> **Data provided**:

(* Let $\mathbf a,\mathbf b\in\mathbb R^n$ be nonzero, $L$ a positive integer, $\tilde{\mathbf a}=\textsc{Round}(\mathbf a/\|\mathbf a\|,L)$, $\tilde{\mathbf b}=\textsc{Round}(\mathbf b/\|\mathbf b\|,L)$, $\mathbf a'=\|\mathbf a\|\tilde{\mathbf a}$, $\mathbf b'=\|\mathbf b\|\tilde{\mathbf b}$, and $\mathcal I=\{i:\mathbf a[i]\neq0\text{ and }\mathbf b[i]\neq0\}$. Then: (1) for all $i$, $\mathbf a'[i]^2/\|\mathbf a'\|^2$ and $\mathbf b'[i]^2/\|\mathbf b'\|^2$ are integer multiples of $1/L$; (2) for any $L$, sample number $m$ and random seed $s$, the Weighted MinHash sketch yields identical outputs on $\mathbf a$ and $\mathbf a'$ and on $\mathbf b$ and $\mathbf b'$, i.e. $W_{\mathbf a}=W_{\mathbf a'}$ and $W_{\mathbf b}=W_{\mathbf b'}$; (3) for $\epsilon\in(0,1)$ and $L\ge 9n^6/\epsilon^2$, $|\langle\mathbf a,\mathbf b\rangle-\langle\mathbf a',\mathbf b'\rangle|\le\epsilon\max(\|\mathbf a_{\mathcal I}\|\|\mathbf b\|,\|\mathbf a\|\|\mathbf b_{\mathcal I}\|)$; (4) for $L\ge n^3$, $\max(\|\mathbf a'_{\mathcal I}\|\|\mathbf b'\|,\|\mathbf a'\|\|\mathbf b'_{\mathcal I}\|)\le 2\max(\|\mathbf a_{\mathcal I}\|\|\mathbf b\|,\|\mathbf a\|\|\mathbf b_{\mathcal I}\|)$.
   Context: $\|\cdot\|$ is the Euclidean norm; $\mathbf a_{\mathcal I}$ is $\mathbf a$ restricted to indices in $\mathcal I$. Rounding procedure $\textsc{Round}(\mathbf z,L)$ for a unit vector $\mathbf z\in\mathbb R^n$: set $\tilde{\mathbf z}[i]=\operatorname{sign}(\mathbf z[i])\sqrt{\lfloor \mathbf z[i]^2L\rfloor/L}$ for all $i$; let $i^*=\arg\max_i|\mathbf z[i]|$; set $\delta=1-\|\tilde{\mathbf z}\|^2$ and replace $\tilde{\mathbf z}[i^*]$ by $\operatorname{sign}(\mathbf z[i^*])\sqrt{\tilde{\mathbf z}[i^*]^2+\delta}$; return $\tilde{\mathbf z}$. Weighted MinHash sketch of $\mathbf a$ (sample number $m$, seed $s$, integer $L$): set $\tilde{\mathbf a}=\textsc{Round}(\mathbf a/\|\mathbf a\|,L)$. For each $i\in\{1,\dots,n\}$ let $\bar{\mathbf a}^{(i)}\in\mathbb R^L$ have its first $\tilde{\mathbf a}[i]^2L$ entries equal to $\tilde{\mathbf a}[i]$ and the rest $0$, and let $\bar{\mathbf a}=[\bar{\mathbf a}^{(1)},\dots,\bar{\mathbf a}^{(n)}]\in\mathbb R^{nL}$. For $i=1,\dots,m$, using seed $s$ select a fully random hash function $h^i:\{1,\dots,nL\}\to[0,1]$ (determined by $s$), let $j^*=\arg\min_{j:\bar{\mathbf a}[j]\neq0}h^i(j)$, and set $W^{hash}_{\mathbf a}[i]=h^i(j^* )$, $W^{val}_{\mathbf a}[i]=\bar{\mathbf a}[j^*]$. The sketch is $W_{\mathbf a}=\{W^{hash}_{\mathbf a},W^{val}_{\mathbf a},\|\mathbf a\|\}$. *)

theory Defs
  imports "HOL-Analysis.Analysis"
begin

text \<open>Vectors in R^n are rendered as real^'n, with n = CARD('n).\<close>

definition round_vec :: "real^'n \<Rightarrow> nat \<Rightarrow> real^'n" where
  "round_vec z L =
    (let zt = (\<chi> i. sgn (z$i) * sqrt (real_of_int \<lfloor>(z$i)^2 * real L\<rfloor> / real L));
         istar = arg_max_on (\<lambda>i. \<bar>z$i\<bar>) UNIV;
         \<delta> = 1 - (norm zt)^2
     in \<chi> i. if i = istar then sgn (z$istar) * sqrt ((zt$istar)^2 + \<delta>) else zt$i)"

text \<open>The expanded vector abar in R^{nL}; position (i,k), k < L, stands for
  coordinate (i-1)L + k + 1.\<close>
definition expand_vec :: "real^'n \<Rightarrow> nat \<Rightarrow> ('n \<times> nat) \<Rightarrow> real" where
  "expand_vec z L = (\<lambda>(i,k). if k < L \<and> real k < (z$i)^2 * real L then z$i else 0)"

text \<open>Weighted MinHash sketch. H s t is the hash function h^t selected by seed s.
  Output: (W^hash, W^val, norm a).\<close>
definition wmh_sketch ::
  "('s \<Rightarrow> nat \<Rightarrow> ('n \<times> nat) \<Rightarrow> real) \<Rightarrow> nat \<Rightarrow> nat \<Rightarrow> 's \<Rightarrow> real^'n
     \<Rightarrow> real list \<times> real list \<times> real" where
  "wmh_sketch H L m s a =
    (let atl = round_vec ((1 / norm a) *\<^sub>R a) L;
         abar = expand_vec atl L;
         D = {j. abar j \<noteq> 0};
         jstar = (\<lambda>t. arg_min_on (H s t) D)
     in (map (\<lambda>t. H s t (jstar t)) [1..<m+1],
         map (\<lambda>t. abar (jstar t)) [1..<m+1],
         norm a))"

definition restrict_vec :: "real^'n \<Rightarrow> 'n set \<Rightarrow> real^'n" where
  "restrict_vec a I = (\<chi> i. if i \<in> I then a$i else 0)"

> **Task to carry out**: Which lines in the data above hold the string "open"? Show each one.

> **Answer to the problem**:
text \<open>Vectors in R^n are rendered as real^'n, with n = CARD('n).\<close>
text \<open>The expanded vector abar in R^{nL}; position (i,k), k < L, stands for
text \<open>Weighted MinHash sketch. H s t is the hash function h^t selected by seed s.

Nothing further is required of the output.